Birdman Wins Four Oscars; Ida Takes Best Foreign Language Film Award

"Birdman" director Alejandro Inarritu poses with the Oscars for best director, best original screenplay, and best picture.

Mexican director Alejandro G. Inarritu's dark comedy Birdman won four Oscars, including best picture, at the Academy Awards in Los Angeles on February 22.

Inarritu won the best director award for his movie about a washed-up former superhero actor attempting a comeback on the Broadway stage.

But veteran Michael Keaton did not win the best actor Oscar for his performance in Birdman.

That honor went to Britain's Eddie Redmayne, who played physicist Stephen Hawking -- who suffers from the motor-neuron disease known as ALS -- in The Theory Of Everything.

Five-time nominee Julianne Moore won best actress for her portrayal of a woman suffering from Alzheimer's in Still Alice.
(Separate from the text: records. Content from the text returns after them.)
theorem theorem3p4:
  fixes n :: nat and E :: "nat \<Rightarrow> nat \<Rightarrow> bool"
  assumes "simple_graph n E" and "graph_connected n E"
  shows "(is_tree n E \<longleftrightarrow>
            (\<forall>\<phi> \<psi>. T_gain E \<phi> \<and> T_gain E \<psi> \<longrightarrow> cospectral (gain_adj n E \<phi>) (gain_adj n E \<psi>)))
       \<and> (is_tree n E \<longleftrightarrow>
            (\<forall>\<phi> \<psi>. T_gain E \<phi> \<and> T_gain E \<psi> \<longrightarrow>
               spectral_radius (gain_adj n E \<phi>) = spectral_radius (gain_adj n E \<psi>)))"
proof -
  have tree_imp_cospectral: "cospectral (gain_adj n E \<phi>) (gain_adj n E \<psi>)"
    if "is_tree n E" "T_gain E \<phi>" "T_gain E \<psi>" for \<phi> \<psi>
    using acyclic_gain_adj_similar[OF assms(1)] similar_mat_imp_cospectral that
    unfolding is_tree_def by blast
  have cospectral_imp_radius: "spectral_radius (gain_adj n E \<phi>) = spectral_radius (gain_adj n E \<psi>)"
    if "cospectral (gain_adj n E \<phi>) (gain_adj n E \<psi>)" for \<phi> \<psi>
    using cospectral_imp_spectral_radius_eq[OF gain_adj_carrier gain_adj_carrier that] .
  have radius_imp_tree: "is_tree n E"
    if "\<forall>\<phi> \<psi>. T_gain E \<phi> \<and> T_gain E \<psi> \<longrightarrow>
          spectral_radius (gain_adj n E \<phi>) = spectral_radius (gain_adj n E \<psi>)"
    using that has_cycle_imp_spectral_radius_differs[OF assms] assms(2)
    unfolding is_tree_def by blast
  show ?thesis using tree_imp_cospectral cospectral_imp_radius radius_imp_tree by blast
qed

end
Ida, Polish director Pawel Pawlikowski's black-and-white film about a nun who learns she is a Jewish orphan, won the Oscar for best foreign language film.

Ida beat out rivals including Russian director Andrei Zvyagintsev's Leviathan, a dark portrayal of corruption and power that had state funding but has been criticized by Russian officials, including the culture minister.

The award for best documentary went to Citizenfour, a film by director Laura Poitras about Edward Snowden, the former U.S. spy agency contractor who detailed the secret mass-surveillance programs and is now in hiding in Russia.

Academy Awards host Neil Patrick Harris joked that Snowden "could not be here for some treason."

Snowden, who was granted asylum in Russia after fleeing the United States in 2013, is wanted in the United States on espionage charges.

Like Birdman, Wes Anderson's movie The Grand Budapest Hotel won four Oscars, but major awards eluded it.

Patricia Arquette won best supporting actress for her role in Boyhood, while Whiplash's J.K. Simmons won best supporting actor.

Iraq war drama American Sniper won the Academy Award for best sound editing, while Interstellar won for best visual effects.

The closely watched annual award ceremony was marked this year by a lack of diversity, with few minorities among the nominees.

Harris drew attention to that issue, while also making light of it, by saying: "Tonight we honor Hollywood's best and whitest, sorry -- brightest."

The awards are decided in voting by the 6,100 members of the Academy of Motion Picture Arts and Sciences.